The rationale of our choice of treatment protocol was based on targeting two distinct pathophysiological mechanisms: the elusive permeability factor thought to cause recurrent FSGS and the stabilisation of the podocyte cytoskeleton. The exact mechanism causing post-transplant FSGS is unknown. Post-transplant FSGS is thought more likely to be caused by a circulating glomerular permeability factor (or factors) that induce podocyte injury. Supportive of this theory is that application of FSGS patient plasma to human podocytes in vitro results in rapid derangement of the cellular cytoskeleton [30]. It has been argued that the podocyte dysfunction in post-transplant FSGS could be also due to the lack of a normal circulating factor, since replacement of FSGS plasma with normal plasma allows podocyte cytoskeleton recovery in vitro [31]. However, post-transplant FSGS is also responsive to TPE with albumin as the replacement fluid, which is supportive of the existence of a toxic circulating factor, as shown also in our study [17]. A number of potential candidates have been suggested as the toxic circulating factor, including permeability factors [32,33,34] and autoantibodies [35,36,37]. Initially, it was assumed that this factor was a T-cell derived cytokine. This proposed mechanism was based on case studies of relapsing nephrotic syndrome and T-cell malignancy that resolved following successful chemotherapy of the malignancy [38]. In support of this idea, animal studies have also indicated a possible link between this elusive circulating factor and T cells [39, 40]. More recently, serum soluble urokinase receptor (suPAR) has been implicated in the pathogenesis of FSGS and has even been proposed as a clinical marker to treatment response [32, 41, 42]. suPAR is elevated in two-thirds of subjects with primary FSGS, and patients with recurrent FSGS had higher levels of suPAR pre-transplantation and during the course of FSGS recurrence post-transplant [41, 42]. However, suPAR is elevated in all patients with chronic kidney disease and not just patients with FSGS. Recent evidence has shown that RTX can directly target podocytes in recurrent FSGS. Fornoni et al. have demonstrated that RTX can bind to molecules expressed in human podocytes, such as SMPDL-3b, a protein that is down-regulated upon in vitro exposure of podocytes to sera of FSGS patients. This effect on SMPDL-3b (a protein implicated in actin remodeling) can be reversed by RTX [25].
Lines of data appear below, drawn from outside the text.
(* Let $a>0$ and $t>0$, and let $x_{\rm L}(1,t,a)\le x_{\rm R}(1,t,a)$ be the middle and largest of the three real roots of the cubic $x\{4ax^2-(8a^2+20at-t^2)x+4(a-t)^3\}$ (the left and right edges of the support of the three-parametric MP density with $r=1$). (i) If $0<t<a$, then \[ x_{\rm L}(1,t,a)=\frac{1}{8a}\{8a^2+20at-t^2-\sqrt t\,(8a+t)^{3/2}\},\qquad x_{\rm R}(1,t,a)=\frac{1}{8a}\{8a^2+20at-t^2+\sqrt t\,(8a+t)^{3/2}\}, \] and $0<x_{\rm L}(1,t,a)<x_{\rm R}(1,t,a)$. (ii) If $t\ge a$, then $x_{\rm L}(1,t,a)=0$ and \[ x_{\rm R}(1,t,a)=\frac{1}{8a}\{8a^2+20at-t^2+\sqrt t\,(8a+t)^{3/2}\}>0. \]
   Context: For $r=1$ the cubic $S(x;r,t,a)=4ax^3-\{8a^2+4a(3r+2)t-t^2\}x^2+2[2a^3-2a^2(5r-2)t+a\{r(6r-1)+1\}t^2-(r+1)t^3]x+(r-1)^2t^2\{a^2-a(4r-2)t+t^2\}$ reduces to $x\{4ax^2-(8a^2+20at-t^2)x+4(a-t)^3\}$; the edges $x_{\rm L}(r,t,a)$, $x_{\rm R}(r,t,a)$ of the support are defined as the middle and largest real roots of $S(\cdot;r,t,a)$. *)

theory Defs
  imports Complex_Main
begin

definition S :: "real \<Rightarrow> real \<Rightarrow> real \<Rightarrow> real \<Rightarrow> real" where
  "S x r t a = 4*a*x^3 - (8*a^2 + 4*a*(3*r+2)*t - t^2) * x^2
     + 2*(2*a^3 - 2*a^2*(5*r-2)*t + a*(r*(6*r-1)+1)*t^2 - (r+1)*t^3) * x
     + (r-1)^2 * t^2 * (a^2 - a*(4*r-2)*t + t^2)"

definition xL :: "real \<Rightarrow> real \<Rightarrow> real \<Rightarrow> real" where
  "xL r t a = (THE x2. \<exists>x1 x3. x1 \<le> x2 \<and> x2 \<le> x3 \<and>
      (\<forall>x. S x r t a = 4*a*(x-x1)*(x-x2)*(x-x3)))"

definition xR :: "real \<Rightarrow> real \<Rightarrow> real \<Rightarrow> real" where
  "xR r t a = (THE x3. \<exists>x1 x2. x1 \<le> x2 \<and> x2 \<le> x3 \<and>
      (\<forall>x. S x r t a = 4*a*(x-x1)*(x-x2)*(x-x3)))"

end

theory Submission
  imports Defs
begin

text \<open>For \<open>r = 1\<close> the cubic is \<open>x\<close> times a quadratic whose discriminant is
  \<open>t(8a + t)\<^sup>3\<close>, so its roots are the two displayed edges. Writing \<open>s = \<surd>t\<close> and
  \<open>u = \<surd>(8a + t)\<close>, these factor as \<open>(u - 3s)\<^sup>3(u + s)/(64a)\<close> and
  \<open>(u + 3s)\<^sup>3(u - s)/(64a)\<close>: the larger is always positive, and the smaller has the
  sign of \<open>a - t\<close>, which decides whether the root \<open>0\<close> is the smallest or the middle one.
  The edges are then read off by uniqueness of the sorted roots of a factored cubic.\<close>

lemma sorted_cubic_roots_unique:
  fixes x1 x2 x3 y1 y2 y3 :: "'a::linordered_idom"
  assumes sorted: "x1 \<le> x2" "x2 \<le> x3" "y1 \<le> y2" "y2 \<le> y3"
    and eq: "\<And>x. (x-x1)*(x-x2)*(x-x3) = (x-y1)*(x-y2)*(x-y3)"
  shows "x1 = y1 \<and> x2 = y2 \<and> x3 = y3"
proof -
  have "y1 \<le> x1" using eq[of x1] sorted by auto
  moreover have "x1 \<le> y1" using eq[of y1] sorted by auto
  moreover have "x3 \<le> y3" using eq[of x3] sorted by auto
  moreover have "y3 \<le> x3" using eq[of y3] sorted by auto
  ultimately have outer: "x1 = y1" "x3 = y3" by auto
  define z where "z = x1 - 1"
  have "((z-x1)*(z-x3)) * (z-x2) = ((z-x1)*(z-x3)) * (z-y2)"
    using eq[of z] outer by (simp add: algebra_simps)
  moreover have "(z-x1)*(z-x3) \<noteq> 0" using sorted unfolding z_def by auto
  ultimately have "x2 = y2" by simp
  with outer show ?thesis by simp
qed

lemma xL_xR_of_factorization:
  assumes "a \<noteq> 0" and sorted: "x1 \<le> x2" "x2 \<le> x3"
    and factor: "\<And>x. S x r t a = 4*a*(x-x1)*(x-x2)*(x-x3)"
  shows "xL r t a = x2" and "xR r t a = x3"
proof -
  have unique: "y1 = x1 \<and> y2 = x2 \<and> y3 = x3"
    if "y1 \<le> y2" "y2 \<le> y3" "\<forall>x. S x r t a = 4*a*(x-y1)*(x-y2)*(x-y3)" for y1 y2 y3
    using sorted_cubic_roots_unique[OF that(1,2) sorted] that(3) factor \<open>a \<noteq> 0\<close>
    by (simp add: mult.assoc)
  show "xL r t a = x2" unfolding xL_def
    by (rule the_equality) (use sorted factor unique in blast)+
  show "xR r t a = x3" unfolding xR_def
    by (rule the_equality) (use sorted factor unique in blast)+
qed

lemma quadratic_factorization:
  fixes A B C D x :: "'a::field_char_0"
  assumes "A \<noteq> 0" and "D^2 = B^2 - 4*A*C"
  shows "A*x^2 - B*x + C = A * (x - (B - D) / (2*A)) * (x - (B + D) / (2*A))"
proof -
  have C: "C = (B^2 - D^2) / (4*A)" using assms by (simp add: field_simps)
  show ?thesis using assms(1) unfolding C by (simp add: field_simps power2_eq_square)
qed

lemma S_1_factorization:
  fixes a t D :: real
  assumes "a \<noteq> 0" and "D^2 = t * (8*a + t)^3"
  shows "S x 1 t a = 4*a*x * (x - (8*a^2 + 20*a*t - t^2 - D) / (8*a))
                            * (x - (8*a^2 + 20*a*t - t^2 + D) / (8*a))"
proof -
  define B where "B = 8*a^2 + 20*a*t - t^2"
  have S_1: "S x 1 t a = x * (4*a*x^2 - B*x + 4*(a-t)^3)"
    unfolding S_def B_def by (simp add: algebra_simps power2_eq_square power3_eq_cube)
  have "D^2 = B^2 - 4*(4*a)*(4*(a-t)^3)"
    unfolding assms(2) B_def by (simp add: algebra_simps power2_eq_square power3_eq_cube)
  from quadratic_factorization[of "4*a", OF _ this] assms(1)
  have "4*a*x^2 - B*x + 4*(a-t)^3 = 4*a * (x - (B - D) / (8*a)) * (x - (B + D) / (8*a))"
    by simp
  then show ?thesis unfolding S_1 B_def by (simp add: ac_simps)
qed

lemma powr_three_halves:
  fixes x :: real
  assumes "0 \<le> x"
  shows "x powr (3/2) = sqrt x ^ 3"
proof (cases "x = 0")
  case False
  then have "(x powr (1/2)) ^ 3 = x powr (3/2)" by (simp add: powr_power)
  with assms show ?thesis by (simp add: powr_half_sqrt)
qed simp

definition lower_edge :: "real \<Rightarrow> real \<Rightarrow> real" where
  "lower_edge t a = (8*a^2 + 20*a*t - t^2 - sqrt t * (8*a+t) powr (3/2)) / (8*a)"

definition upper_edge :: "real \<Rightarrow> real \<Rightarrow> real" where
  "upper_edge t a = (8*a^2 + 20*a*t - t^2 + sqrt t * (8*a+t) powr (3/2)) / (8*a)"

lemma S_1_factorization_edges:
  assumes "a > 0" and "t \<ge> 0"
  shows "S x 1 t a = 4*a*x * (x - lower_edge t a) * (x - upper_edge t a)"
proof -
  have "(8*a+t) powr (3/2) = sqrt (8*a+t) ^ 3" using assms by (simp add: powr_three_halves)
  then have "(sqrt t * (8*a+t) powr (3/2))^2 = sqrt t ^ 2 * (sqrt (8*a+t) ^ 2) ^ 3"
    by algebra
  also have "\<dots> = t * (8*a + t)^3" using assms by simp
  finally have "(sqrt t * (8*a+t) powr (3/2))^2 = t * (8*a + t)^3" .
  from S_1_factorization[OF _ this] assms(1) show ?thesis
    unfolding lower_edge_def upper_edge_def by simp
qed

lemma lower_edge_less_upper_edge:
  assumes "a > 0" and "t > 0"
  shows "lower_edge t a < upper_edge t a"
  using assms unfolding lower_edge_def upper_edge_def by (simp add: divide_strict_right_mono)

lemma edge_numerators:
  fixes a t s u :: real
  assumes "s^2 = t" and "u^2 = 8*a + t"
  shows "(u - 3*s)^3 * (u + s) = 8 * (8*a^2 + 20*a*t - t^2 - s*u^3)"
    and "(u + 3*s)^3 * (u - s) = 8 * (8*a^2 + 20*a*t - t^2 + s*u^3)"
proof -
  have a: "a = (u^2 - s^2) / 8" and t: "t = s^2" using assms by simp_all
  show "(u - 3*s)^3 * (u + s) = 8 * (8*a^2 + 20*a*t - t^2 - s*u^3)"
    and "(u + 3*s)^3 * (u - s) = 8 * (8*a^2 + 20*a*t - t^2 + s*u^3)"
    unfolding a t by (simp_all add: field_simps power2_eq_square power3_eq_cube)
qed

lemma edges_factored:
  assumes "a > 0" and "t \<ge> 0"
  shows "lower_edge t a = (sqrt (8*a+t) - 3 * sqrt t)^3 * (sqrt (8*a+t) + sqrt t) / (64*a)"
    and "upper_edge t a = (sqrt (8*a+t) + 3 * sqrt t)^3 * (sqrt (8*a+t) - sqrt t) / (64*a)"
proof -
  have "sqrt t ^ 2 = t" "sqrt (8*a+t) ^ 2 = 8*a + t" using assms by simp_all
  note numerators = edge_numerators[OF this]
  show "lower_edge t a = (sqrt (8*a+t) - 3 * sqrt t)^3 * (sqrt (8*a+t) + sqrt t) / (64*a)"
    using assms unfolding lower_edge_def numerators(1) by (simp add: powr_three_halves field_simps)
  show "upper_edge t a = (sqrt (8*a+t) + 3 * sqrt t)^3 * (sqrt (8*a+t) - sqrt t) / (64*a)"
    using assms unfolding upper_edge_def numerators(2) by (simp add: powr_three_halves field_simps)
qed

lemma upper_edge_pos:
  assumes "a > 0" and "t \<ge> 0"
  shows "upper_edge t a > 0"
proof -
  have "sqrt t < sqrt (8*a+t)" using assms by simp
  moreover have "sqrt (8*a+t) + 3 * sqrt t > 0" using assms by (simp add: add_pos_nonneg)
  ultimately show ?thesis
    using assms unfolding edges_factored(2)[OF assms] by (simp add: zero_less_mult_iff)
qed

lemma lower_edge_pos_iff:
  assumes "a > 0" and "t \<ge> 0"
  shows "lower_edge t a > 0 \<longleftrightarrow> t < a"
proof -
  have "3 * sqrt t = sqrt (9*t)" by (simp add: real_sqrt_mult)
  then have "(sqrt (8*a+t) - 3 * sqrt t) ^ 3 > 0 \<longleftrightarrow> t < a" by simp
  moreover have "(sqrt (8*a+t) + sqrt t) / (64*a) > 0" using assms by (simp add: add_pos_nonneg)
  ultimately show ?thesis
    unfolding edges_factored(1)[OF assms] times_divide_eq_right[symmetric]
    by (simp only: zero_less_mult_iff) (meson not_less_iff_gr_or_eq)
qed

theorem lemma2p5:
  fixes a t :: real
  assumes "a > 0" and "t > 0"
  shows "(t < a \<longrightarrow>
            xL 1 t a = (8*a^2 + 20*a*t - t^2 - sqrt t * (8*a+t) powr (3/2)) / (8*a)
          \<and> xR 1 t a = (8*a^2 + 20*a*t - t^2 + sqrt t * (8*a+t) powr (3/2)) / (8*a)
          \<and> 0 < xL 1 t a \<and> xL 1 t a < xR 1 t a)
       \<and> (a \<le> t \<longrightarrow>
            xL 1 t a = 0
          \<and> xR 1 t a = (8*a^2 + 20*a*t - t^2 + sqrt t * (8*a+t) powr (3/2)) / (8*a)
          \<and> xR 1 t a > 0)"
proof -
  let ?L = "lower_edge t a" and ?U = "upper_edge t a"
  have a: "a \<noteq> 0" and t: "t \<ge> 0" using assms by simp_all
  have factor: "S x 1 t a = 4*a*x * (x - ?L) * (x - ?U)" for x
    using S_1_factorization_edges[OF assms(1) t] .
  have "?L < ?U" and "?U > 0"
    using lower_edge_less_upper_edge upper_edge_pos assms by simp_all
  show ?thesis
  proof (intro conjI impI)
    assume "t < a"
    then have "0 < ?L" using lower_edge_pos_iff[OF assms(1) t] by simp
    with xL_xR_of_factorization[OF a _ _, of 0 ?L ?U] factor \<open>?L < ?U\<close>
    show "xL 1 t a = (8*a^2 + 20*a*t - t^2 - sqrt t * (8*a+t) powr (3/2)) / (8*a)"
      and "xR 1 t a = (8*a^2 + 20*a*t - t^2 + sqrt t * (8*a+t) powr (3/2)) / (8*a)"
      and "0 < xL 1 t a" and "xL 1 t a < xR 1 t a"
      by (auto simp: lower_edge_def upper_edge_def ac_simps)
  next
    assume "a \<le> t"
    then have "?L \<le> 0" using lower_edge_pos_iff[OF assms(1) t] by simp
    with xL_xR_of_factorization[OF a _ _, of ?L 0 ?U] factor \<open>?U > 0\<close>
    show "xL 1 t a = 0"
      and "xR 1 t a = (8*a^2 + 20*a*t - t^2 + sqrt t * (8*a+t) powr (3/2)) / (8*a)"
      and "xR 1 t a > 0"
      by (auto simp: upper_edge_def ac_simps)
  qed
qed

end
Our study has limitations. Firstly, this is a retrospective study. In addition, because of the small number of patients, we were not able to comment on predictors of response to treatment.

In conclusion, this study shows that combined first-line treatment with RTX and TPE can have a beneficial effect on post-transplant FSGS in adult kidney transplant recipients. These promising preliminary results will have to be confirmed in a larger population and over a longer follow-up but may provide a basis for effective treatment for this challenging condition.